North Main Street is a National Register District, and the buildings house a bunch of businesses that cater to the tourist crowd that comes from around the world to see the hometown of Mark Twain.

The houses are humble right by the water, as well, as you’d expect for the wharf stevedores (does anyone use that word anymore?).
Of course, a major part of the whole Mark Twain mythos is the steamboat, and rightfully so. But as I began to look up old photographs of Hannibal, a familiar theme began to develop.
Much like St. Louis, which boasts a steamboat on its city seal, Hannibal moved on from that mode of commercial transport and became a railroad town. Just look at the empty wharf below: there’s not a single steamboat to be seen but there are railroad warehouses blocking the city from the river.

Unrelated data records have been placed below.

(* Let $R_0^*\in SO(3)$ with unit quaternion representation $w_0^*\in\mathbb{S}^3$, let $1\le k^*<\ell$ (there is at least one outlier; $k^*$ may be such that the inlier set is $\{1,\dots,k^*\}$), let $(y_i,x_i)\in\mathbb{R}^3\times\mathbb{R}^3$ with $y_i=R_0^*x_i$ for $i=1,\dots,k^*$ (noiseless inliers) and $(y_j,x_j)$ arbitrary for $j=k^*+1,\dots,\ell$ (outliers), and let $c_1^2,\dots,c_\ell^2\ge0$. Let $\omega^*=[w_0^*;\dots;w_0^*;0;\dots;0]\in\mathbb{R}^{4(\ell+1)}$, where $w_0^*$ appears $k^*+1$ times followed by zero blocks, and $\mathcal{W}^*=\omega^*(\omega^* )^\top$. Then: (1) If $0<c_j^2<\lambda_{\min}(Q_j)$ for all $j=k^*+1,\dots,\ell$, then (SDR) is tight, admitting $\mathcal{W}^*$ as a global minimizer. (2) If $c_j^2>(w_0^* )^\top Q_jw_0^*$ for some $j\in\{k^*+1,\dots,\ell\}$, then $\mathcal{W}^*$ is not a global minimizer of (SDR).
   Context: For $w=[w_1;w_2;w_3;w_4]\in\mathbb{S}^3$, $R(w)=\begin{bmatrix} w_1^2+w_2^2-w_3^2-w_4^2 & 2(w_2w_3-w_1w_4) & 2(w_2w_4+w_1w_3)\\ 2(w_2w_3+w_1w_4) & w_1^2+w_3^2-w_2^2-w_4^2 & 2(w_3w_4-w_1w_2)\\ 2(w_2w_4-w_1w_3) & 2(w_3w_4+w_1w_2) & w_1^2+w_4^2-w_2^2-w_3^2\end{bmatrix}\in SO(3)$; $\pm w$ are the unit quaternion representations of $R(w)$. $Q_i$ is the unique symmetric $4\times4$ matrix with $w^\top Q_iw=\|y_i-R(w)x_i\|_2^2$ for all $w\in\mathbb{S}^3$; $\lambda_{\min}$ is the smallest eigenvalue. For $\mathcal{A}\in\mathbb{R}^{4(\ell+1)\times4(\ell+1)}$, $[\mathcal{A}]_{ij}$ ($0\le i,j\le\ell$) is the $4\times4$ block in rows $4i+1..4i+4$, columns $4j+1..4j+4$. $\mathcal{Q}$ is symmetric with $[\mathcal{Q}]_{0i}=[\mathcal{Q}]_{i0}=\frac12(Q_i-c_i^2I_4)$ ($i\ge1$), other blocks zero. (QCQP): minimize $\operatorname{tr}(\mathcal{Q}\omega\omega^\top)+\sum_ic_i^2$ over $\omega\in\mathbb{R}^{4(\ell+1)}$ s.t. $[\omega\omega^\top]_{0i}=[\omega\omega^\top]_{ii}$ ($i=1..\ell$), $\operatorname{tr}([\omega\omega^\top]_{00})=1$. (SDR): minimize $\operatorname{tr}(\mathcal{Q}\mathcal{W})+\sum_ic_i^2$ over symmetric $\mathcal{W}\succeq0$ s.t. $[\mathcal{W}]_{0i}=[\mathcal{W}]_{ii}$ ($i=1..\ell$), $\operatorname{tr}([\mathcal{W}]_{00})=1$. (SDR) is tight if it admits $\hat\omega\hat\omega^\top$ as a global minimizer, where $\hat\omega$ is a global minimizer of (QCQP). *)

theory Defs
  imports "HOL-Analysis.Analysis"
begin

definition rotq :: "real^4 \<Rightarrow> real^3^3" where
  "rotq w = (let w1 = w$1; w2 = w$2; w3 = w$3; w4 = w$4 in vector [
     vector [w1^2+w2^2-w3^2-w4^2, 2*(w2*w3-w1*w4), 2*(w2*w4+w1*w3)],
     vector [2*(w2*w3+w1*w4), w1^2+w3^2-w2^2-w4^2, 2*(w3*w4-w1*w2)],
     vector [2*(w2*w4-w1*w3), 2*(w3*w4+w1*w2), w1^2+w4^2-w2^2-w3^2]])"

definition Qmat :: "real^3 \<Rightarrow> real^3 \<Rightarrow> real^4^4" where
  "Qmat y x = (THE Q. transpose Q = Q \<and>
      (\<forall>w::real^4. norm w = 1 \<longrightarrow> w \<bullet> (Q *v w) = (norm (y - rotq w *v x))^2))"

definition lambda_min :: "real^4^4 \<Rightarrow> real" where
  "lambda_min Q = Min {\<mu>. \<exists>v::real^4. v \<noteq> 0 \<and> Q *v v = \<mu> *\<^sub>R v}"

text \<open>Flat index a (0..3) inside a 4-block corresponds to quaternion component a+1.\<close>
definition qi :: "nat \<Rightarrow> 4" where
  "qi a = of_nat (Suc a)"

text \<open>Matrices in R^{4(l+1) x 4(l+1)} are functions nat => nat => real, with entries
  (p,q), p,q < 4(l+1) (0-based); block [A]_ij consists of rows 4i..4i+3, cols 4j..4j+3.\<close>
definition bigQ :: "nat \<Rightarrow> (nat \<Rightarrow> real^3) \<Rightarrow> (nat \<Rightarrow> real^3) \<Rightarrow> (nat \<Rightarrow> real)
                    \<Rightarrow> nat \<Rightarrow> nat \<Rightarrow> real" where
  "bigQ l y x c2 p q =
     (let i = p div 4; j = q div 4; a = p mod 4; b = q mod 4 in
      if i = 0 \<and> 1 \<le> j \<and> j \<le> l then
        (1/2) * ((Qmat (y j) (x j)) $ qi a $ qi b - (if a = b then c2 j else 0))
      else if j = 0 \<and> 1 \<le> i \<and> i \<le> l then
        (1/2) * ((Qmat (y i) (x i)) $ qi a $ qi b - (if a = b then c2 i else 0))
      else 0)"

definition outer :: "(nat \<Rightarrow> real) \<Rightarrow> nat \<Rightarrow> nat \<Rightarrow> real" where
  "outer \<omega> = (\<lambda>p q. \<omega> p * \<omega> q)"

definition sdr_obj :: "nat \<Rightarrow> (nat \<Rightarrow> real^3) \<Rightarrow> (nat \<Rightarrow> real^3) \<Rightarrow> (nat \<Rightarrow> real)
                    \<Rightarrow> (nat \<Rightarrow> nat \<Rightarrow> real) \<Rightarrow> real" where
  "sdr_obj l y x c2 W =
     (\<Sum>p<4*(l+1). \<Sum>q<4*(l+1). bigQ l y x c2 p q * W q p) + (\<Sum>i=1..l. c2 i)"

definition block_constraints :: "nat \<Rightarrow> (nat \<Rightarrow> nat \<Rightarrow> real) \<Rightarrow> bool" where
  "block_constraints l W =
     ((\<forall>i\<in>{1..l}. \<forall>a<4. \<forall>b<4. W a (4*i+b) = W (4*i+a) (4*i+b)) \<and>
      (\<Sum>a<4. W a a) = 1)"

definition sdr_feasible :: "nat \<Rightarrow> (nat \<Rightarrow> nat \<Rightarrow> real) \<Rightarrow> bool" where
  "sdr_feasible l W =
     ((\<forall>p<4*(l+1). \<forall>q<4*(l+1). W p q = W q p) \<and>
      (\<forall>v::nat \<Rightarrow> real. 0 \<le> (\<Sum>p<4*(l+1). \<Sum>q<4*(l+1). v p * W p q * v q)) \<and>
      block_constraints l W)"

definition sdr_global_min where
  "sdr_global_min l y x c2 W =
     (sdr_feasible l W \<and> (\<forall>W'. sdr_feasible l W' \<longrightarrow> sdr_obj l y x c2 W \<le> sdr_obj l y x c2 W'))"

definition qcqp_feasible :: "nat \<Rightarrow> (nat \<Rightarrow> real) \<Rightarrow> bool" where
  "qcqp_feasible l \<omega> = block_constraints l (outer \<omega>)"

definition qcqp_global_min where
  "qcqp_global_min l y x c2 \<omega> =
     (qcqp_feasible l \<omega> \<and> (\<forall>\<omega>'. qcqp_feasible l \<omega>' \<longrightarrow>
         sdr_obj l y x c2 (outer \<omega>) \<le> sdr_obj l y x c2 (outer \<omega>')))"

definition sdr_tight where
  "sdr_tight l y x c2 = (\<exists>\<omega>. qcqp_global_min l y x c2 \<omega> \<and> sdr_global_min l y x c2 (outer \<omega>))"

definition omega_star :: "nat \<Rightarrow> real^4 \<Rightarrow> nat \<Rightarrow> real" where
  "omega_star k w0 p = (if p div 4 \<le> k then w0 $ qi (p mod 4) else 0)"

end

Look at the two historic photographs below; it has become obvious that the citizens who photographed their town had many different promontories from which to capture the Platonic Ideal of their city, and they both chose to place, front and center, the massive railroad infrastructure of their community.

There are still rail lines going through the city, and it still has a prominent crossing (which very ingeniously cuts through a cliff before going across the river), but everything you see is largely gone now that once made up the rail yards along the Mississippi.

I sat on a bench gazing out over the Mississippi River in Hannibal, and was horrified to notice the boats being dropped into the water from the Hull, IL area.
It is evolving into the civil unrest ahead in which the MO home owners parade about with, “I Can’t Walk On Water!” signs and little boats dangling off. It just eats at the soul.